A player with a handicap or religious conviction which prevented him from recording his moves, moving the men on the chessboard or stopping the clock could ask the director to allow a deputy to perform those functions for him. The opponent could object to the choice of deputy, e.g. on the grounds that the deputy was a stronger player than the player with the handicap, and could also insist on having a deputy of his own, in which case it would be the responsibility of the player with the handicap to find a deputy for the opponent as well as himself. Nothing is said about what would happen if this second deputy couldn’t be found, except that neither the Director nor the Local Tournament Committee could be held responsible for the consequences.

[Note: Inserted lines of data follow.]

text \<open>The correction changes only the first column of the Jacobian, by \<open>a\<^sub>1 b\<close> with
  \<open>a\<^sub>1 = O(\<epsilon>)\<close>, so the determinant moves by \<open>a\<^sub>1\<close> times a uniformly bounded cross term.\<close>
lemma jdet_frechet_derivative_g_eps_ge:
  assumes lam: "0 < lam" and det: "\<And>x. x \<in> Qminus \<union> Qplus \<Longrightarrow> lam \<le> jdet (frechet_derivative g (at x))"
  shows "\<forall>\<^sub>F \<epsilon> in at_right 0. \<forall>x\<in>Qminus \<union> Qplus. lam / 2 \<le> jdet (frechet_derivative (g_eps \<eta> Pm Pp g \<epsilon>) (at x))"
proof -
  obtain M where "0 \<le> M"
    and jet: "\<And>\<epsilon> x. 0 < \<epsilon> \<Longrightarrow> x \<in> Qminus \<union> Qplus \<Longrightarrow> correction_jet_le M \<epsilon> x"
    using correction_jet_bounded by blast
  obtain B where "0 \<le> B" and cross: "\<And>x. x \<in> Qminus \<union> Qplus \<Longrightarrow>
    \<bar>fst b * snd (frechet_derivative g (at x) (0, 1)) - snd b * fst (frechet_derivative g (at x) (0, 1))\<bar> \<le> B"
    using cross_term_bounded by blast
  define \<delta> where "\<delta> = lam / (2 * (M * B + 1))"
  have MB: "0 < M * B + 1"
    using mult_nonneg_nonneg[OF \<open>0 \<le> M\<close> \<open>0 \<le> B\<close>] by linarith
  then have "0 < \<delta>"
    using lam by (simp add: \<delta>_def)
  have "lam / 2 \<le> jdet (frechet_derivative (g_eps \<eta> Pm Pp g \<epsilon>) (at x))"
    if \<epsilon>: "0 < \<epsilon>" "\<epsilon> < \<delta>" and x: "x \<in> Qminus \<union> Qplus" for \<epsilon> x
  proof -
    obtain a0 a1 a2 where a: "fst_jet (\<lambda>y. g_eps \<eta> Pm Pp g \<epsilon> y - g y) b x a0 a1 a2" "\<bar>a1\<bar> \<le> M * \<epsilon>"
      using jet[OF \<epsilon>(1) x] unfolding correction_jet_le_def by blast
    define L where "L = frechet_derivative g (at x)"
    define k where "k = fst b * snd (L (0, 1)) - snd b * fst (L (0, 1))"
    have "jdet (frechet_derivative (g_eps \<eta> Pm Pp g \<epsilon>) (at x)) = jdet L + a1 * k"
      unfolding frechet_derivative_g_eps[OF \<epsilon>(1) x a(1)] L_def[symmetric] k_def
      by (rule jdet_add_fst_scaleR)
    moreover have "\<bar>a1 * k\<bar> \<le> (M * \<epsilon>) * B"
      unfolding abs_mult using a(2) cross[OF x] \<open>0 \<le> M\<close> \<epsilon>(1)
      by (intro mult_mono) (simp_all add: k_def L_def)
    moreover have "(M * \<epsilon>) * B \<le> lam / 2"
    proof -
      have "(M * \<epsilon>) * B \<le> (M * B + 1) * \<epsilon>"
        using \<epsilon>(1) by (simp add: algebra_simps)
      also have "\<dots> \<le> (M * B + 1) * \<delta>"
        using \<epsilon>(2) MB by (intro mult_left_mono) simp_all
      also have "\<dots> = lam / 2"
        using MB by (simp add: \<delta>_def field_simps)
      finally show ?thesis .
    qed
    moreover have "lam \<le> jdet L"
      using det[OF x] by (simp add: L_def)
    ultimately show ?thesis
      by linarith
  qed
  then show ?thesis
    by (intro eventually_at_rightI[OF _ \<open>0 < \<delta>\<close>]) auto
qed
(* Let $N$ be an oriented Riemannian spin surface, $T$ a vector field, $f,H$ real functions, and $\varphi$ a spinor field of constant norm with $D\varphi=(H-f)\varphi-\frac12T\cdot\varphi$ such that $\varphi^+$ and $\varphi^-$ vanish nowhere. Then $W\equiv0$ on $N$, i.e. $\dfrac{A^+}{|\varphi^-|^2}=\dfrac{A^-}{|\varphi^+|^2}$.
   Context: Spinor conventions: $\Sigma N$ with Hermitian product $\langle\cdot,\cdot\rangle$, connection $\nabla$, Clifford multiplication with $X\cdot Y\cdot+Y\cdot X\cdot=-2\langle X,Y\rangle$, $\langle X\cdot\psi,\phi\rangle=-\langle\psi,X\cdot\phi\rangle$; $D=\sum_i e_i\cdot\nabla_{e_i}$; $\omega=e_1\cdot e_2$; $\Sigma^\pm N$ are the $\pm1$-eigenbundles of $i\omega$, $\varphi=\varphi^++\varphi^-$. $Q^\pm_\varphi(X,Y)=\mathrm{Re}\langle\nabla_X\varphi^\pm,Y\cdot\varphi^\mp\rangle$, $B^\pm(X,Y)=-\frac12\mathrm{Re}\langle X\cdot T\cdot\varphi^\pm,Y\cdot\varphi^\mp\rangle-\frac12\langle X,T\rangle\mathrm{Re}\langle\varphi^\pm,Y\cdot\varphi^\mp\rangle-\frac12 f\,\mathrm{Re}\langle X\cdot\varphi^\mp,Y\cdot\varphi^\mp\rangle$, $A^\pm=Q^\pm_\varphi+B^\pm$, $W=\frac{A^+}{|\varphi^-|^2}-\frac{A^-}{|\varphi^+|^2}$. *)

theory Defs
  imports "HOL-Analysis.Analysis"
begin

(* Local model of an oriented Riemannian spin surface: an open set U of R^2
   equipped with a smooth oriented orthonormal frame (e1,e2) (which defines the
   metric); the spinor bundle is trivialised as U x C^2 with the standard
   complex 2-dimensional Clifford module.  Tangent vectors are written in frame
   coordinates (a,b) meaning a*e1 + b*e2. *)

type_synonym pt = "real \<times> real"
type_synonym spinor = "complex \<times> complex"

fun Ck_on :: "nat \<Rightarrow> ('a::euclidean_space \<Rightarrow> 'b::real_normed_vector) \<Rightarrow> 'a set \<Rightarrow> bool" where
  "Ck_on 0 g U = continuous_on U g"
| "Ck_on (Suc k) g U = (g differentiable_on U \<and>
       (\<forall>v. Ck_on k (\<lambda>p. frechet_derivative g (at p) v) U))"

definition smooth_on :: "('a::euclidean_space \<Rightarrow> 'b::real_normed_vector) \<Rightarrow> 'a set \<Rightarrow> bool" where
  "smooth_on g U \<longleftrightarrow> (\<forall>k. Ck_on k g U)"

definition sprod :: "spinor \<Rightarrow> spinor \<Rightarrow> complex" where
  "sprod u v = fst u * cnj (fst v) + snd u * cnj (snd v)"

definition cscale :: "complex \<Rightarrow> spinor \<Rightarrow> spinor" where
  "cscale c u = (c * fst u, c * snd u)"

(* Clifford multiplication by e1 and e2 *)
definition cl1 :: "spinor \<Rightarrow> spinor" where
  "cl1 u = (\<i> * fst u, - \<i> * snd u)"
definition cl2 :: "spinor \<Rightarrow> spinor" where
  "cl2 u = (snd u, - fst u)"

No game played at a time limit of faster than 30 moves in an hour could be rated. Games which went too long could be adjudicated rather than adjourned if allowed by the tournament rules, but it was recommended that adjudications be judged by a master-strength player who was not playing in the tournament. Harkness mentions that games at some tournaments were played using what we would call a sudden death time control, but he strongly discourages this:
From a 2015 point of view it seems strange that Harkness considered adjudication to be a lesser evil than sudden death time controls. Of course there were no delay clocks in those days. Insufficient losing chances claims can be considered a kind of adjudication, except that the player making an ILC claim can’t win the game that way. It probably wasn’t easy finding master-strength players willing to be present at a tournament to adjudicate games but not play in the tournament.